Estiagem de 2022 reforçou a
importância do auxílio para agricultura da região
Quem trabalha com agricultura sabe
que a atividade é de risco, afinal, é preciso contar com condições
climáticas favoráveis para a safra se desenvolver e vingar. Torcer
e rezar para que intempéries não prejudiquem as plantações até
valem, mas não são suficientes. Por isso, o agricultor José
Leonardo Bassanesi resolveu, há cerca de 15 anos,
contratar seguro agrícola para a produção de uva na
localidade de São Gotardo de Vila Seca.
Antes de aderir, ele lembra ter
perdido safras praticamente inteiras por causa de geada e granizo.

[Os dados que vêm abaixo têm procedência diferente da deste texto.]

lemma prob_r_bell_add:
  "prob_r_bell M Ys r (m + n) x =
    (\<Sum>i=0..n. \<Sum>k=0..m. real (n choose i) * prob_r_bell M Ys r i x * x ^ k * (1 / fact k) *
       (\<Sum>j=k..m. real (m choose j) *
          (\<Sum>l\<in>compositions k j. multinom j k l * real r ^ (m - j) *
             expectation (\<lambda>\<omega>. partial_sum Ys k \<omega> ^ (n - i) * (\<Prod>p\<in>{1..k}. Ys p \<omega> ^ l p)))))"
  (is "_ = ?R")
proof -
  define F where "F i k j l = real (n choose i) * prob_r_bell M Ys r i x * x ^ k * (1 / fact k) *
      (real (m choose j) * (multinom j k l * real r ^ (m - j) *
        expectation (\<lambda>\<omega>. partial_sum Ys k \<omega> ^ (n - i) * (\<Prod>p\<in>{1..k}. Ys p \<omega> ^ l p))))" for i k j l
  have weighted_power_0: "weighted_power k 0 l b = (\<lambda>\<omega>. partial_sum Ys k \<omega> ^ b * (\<Prod>p\<in>{1..k}. Ys p \<omega> ^ l p))"
    for k l b by (simp add: weighted_power_def fun_eq_iff)
  have "prob_r_bell M Ys r (m + n) x = (\<Sum>k\<le>m. \<Sum>j\<le>m. \<Sum>i\<le>n. \<Sum>l\<in>compositions k j. F i k j l)"
    unfolding prob_r_bell_add_eq_increment_sum fps_nth_increment_taylor_exp_mgf_trunc
      fps_nth_nth_moment_egf_increment_power sum_distrib_left
  proof (intro sum.cong refl)
    fix k j i :: nat and l :: "nat \<Rightarrow> nat"
    assume "j \<in> {..m}" "i \<in> {..n}"
    moreover define P where "P = (\<Prod>p\<in>{1..k}. fact (l p) :: real)"
    moreover have "(\<Prod>p\<in>{1..k}. 1 / fact (l p)) = 1 / P"
      by (simp add: P_def prod_dividef)
    moreover have "P > 0"
      unfolding P_def by (rule prod_pos) simp
    ultimately show "fact m * fact n * (x ^ k / fact k * (real r ^ (m - j) / fact (m - j) *
        (prob_r_bell M Ys r i x / fact i * ((\<Prod>p\<in>{1..k}. 1 / fact (l p)) *
          expectation (weighted_power k 0 l (n - i)) / fact (n - i))))) = F i k j l"
      unfolding F_def multinom_def weighted_power_0 P_def[symmetric] by (simp add: binomial_fact field_simps)
  qed
  also have "\<dots> = (\<Sum>i\<le>n. \<Sum>k\<le>m. \<Sum>j\<le>m. \<Sum>l\<in>compositions k j. F i k j l)"
    by (subst sum.swap) (simp add: sum.swap[of _ "{..n}"])
  also have "\<dots> = ?R"
    unfolding atLeast0AtMost
  proof (intro sum.cong refl)
    fix i k
    have "(\<Sum>j\<le>m. \<Sum>l\<in>compositions k j. F i k j l) = (\<Sum>j=k..m. \<Sum>l\<in>compositions k j. F i k j l)"
      by (rule sum.mono_neutral_right) (auto simp: compositions_empty)
    then show "(\<Sum>j\<le>m. \<Sum>l\<in>compositions k j. F i k j l) =
        real (n choose i) * prob_r_bell M Ys r i x * x ^ k * (1 / fact k) *
         (\<Sum>j=k..m. real (m choose j) *
            (\<Sum>l\<in>compositions k j. multinom j k l * real r ^ (m - j) *
               expectation (\<lambda>\<omega>. partial_sum Ys k \<omega> ^ (n - i) * (\<Prod>p\<in>{1..k}. Ys p \<omega> ^ l p))))"
      by (simp add: F_def sum_distrib_left)
  qed
  finally show ?thesis .
qed

end

theorem theorem2p6:
  fixes M :: "'a measure" and Y :: "'a \<Rightarrow> real" and Ys :: "nat \<Rightarrow> 'a \<Rightarrow> real"
    and r0 :: real and r m n :: nat and x :: real
  assumes "prob_space M"
    and "Y \<in> borel_measurable M"
    and "r0 > 0"
    and "\<And>t. \<bar>t\<bar> < r0 \<Longrightarrow> integrable M (\<lambda>\<omega>. exp (t * Y \<omega>))"
    and "prob_space.indep_vars M (\<lambda>_. borel) Ys {1..}"
    and "\<And>j. j \<ge> 1 \<Longrightarrow> distr M borel (Ys j) = distr M borel Y"
    and "r > 0"
  shows "prob_r_bell M Ys r (m + n) x =
    (\<Sum>i=0..n. \<Sum>k=0..m. real (n choose i) * prob_r_bell M Ys r i x * x ^ k * (1 / fact k) *
       (\<Sum>j=k..m. real (m choose j) *
          (\<Sum>l\<in>compositions k j. multinom j k l * real r ^ (m - j) *
             integral\<^sup>L M (\<lambda>\<omega>. partial_sum Ys k \<omega> ^ (n - i) * (\<Prod>p\<in>{1..k}. Ys p \<omega> ^ l p)))))"
proof -
  have exp_integrable: "integrable M (\<lambda>\<omega>. exp (t * Y \<omega>))" if "\<bar>t\<bar> = r0 / 2" for t
    using that assms(3) by (intro assms(4)) simp
  have moments: "integrable M (\<lambda>\<omega>. Y \<omega> ^ N)" for N
    using assms(3) exp_integrable[of "r0 / 2"] exp_integrable[of "- (r0 / 2)"]
    by (intro integrable_power_if_integrable_exp[OF assms(2), where t = "r0 / 2"]) simp_all
  interpret iid_copies M Y Ys
    by (intro iid_copies.intro iid_copies_axioms.intro) (fact assms moments)+
  show ?thesis
    by (rule prob_r_bell_add)
qed

end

O investimento com tratamento e mão de obra é muito alto, segundo
ele, e o melhor é o antigo mandamento, de prevenir em vez de
remediar.
— O seguro te dá uma tranquilidade.
Na agricultura, a margem de lucro é pequena e geada e granizo
acontecem seguido na nossa região. O cara fica mais tranquilo. Se
acontece, tu tem uma garantia daquilo que tu tá investindo —
entende o produtor, que acionou o seguro pela última vez na
colheita de 2020 devido à geada.
Além de proteger os parreirais,
Bassanesi segurou a propriedade, o que inclui maquinário e casa. As
possibilidades fazem parte do seguro rural, que inclui ainda outras
modalidades, como seguro dos animais e de vida do próprio
agricultor. O produtor pode escolher qual seguro contratar e de
qual sinistro se proteger, explica o corretor André
Moschen.
No ramo de seguro rural desde que
foi implantado no Brasil, há aproximadamente 20 anos, ele percebe
um amadurecimento dos produtores com a percepção da importância da
ferramenta para proteção das plantações.
— Eles costumam contratar em cima
dos maiores riscos, daquilo que querem proteger. Todo ano tem
granizo, geada nem tanto. Tem anos que são mais brandos e a
intensidade é uma loteria, essa é a incerteza. O produtor sabe que
sempre está em risco. Então, ele compra o seguro prevendo essa
incerteza — diz o profissional, que tem mais de 2 mil clientes ao
longo do ano.
Conforme Moschen, o custo do seguro
é desenhado por cultura e o investimento do produtor vai depender
do que ele contrata. Se não tiver seguro para geada, por exemplo,
fica mais barato. Na região, os seguros mais contratados são para
uva e maçã. Em seguida, tem as frutas de caroço.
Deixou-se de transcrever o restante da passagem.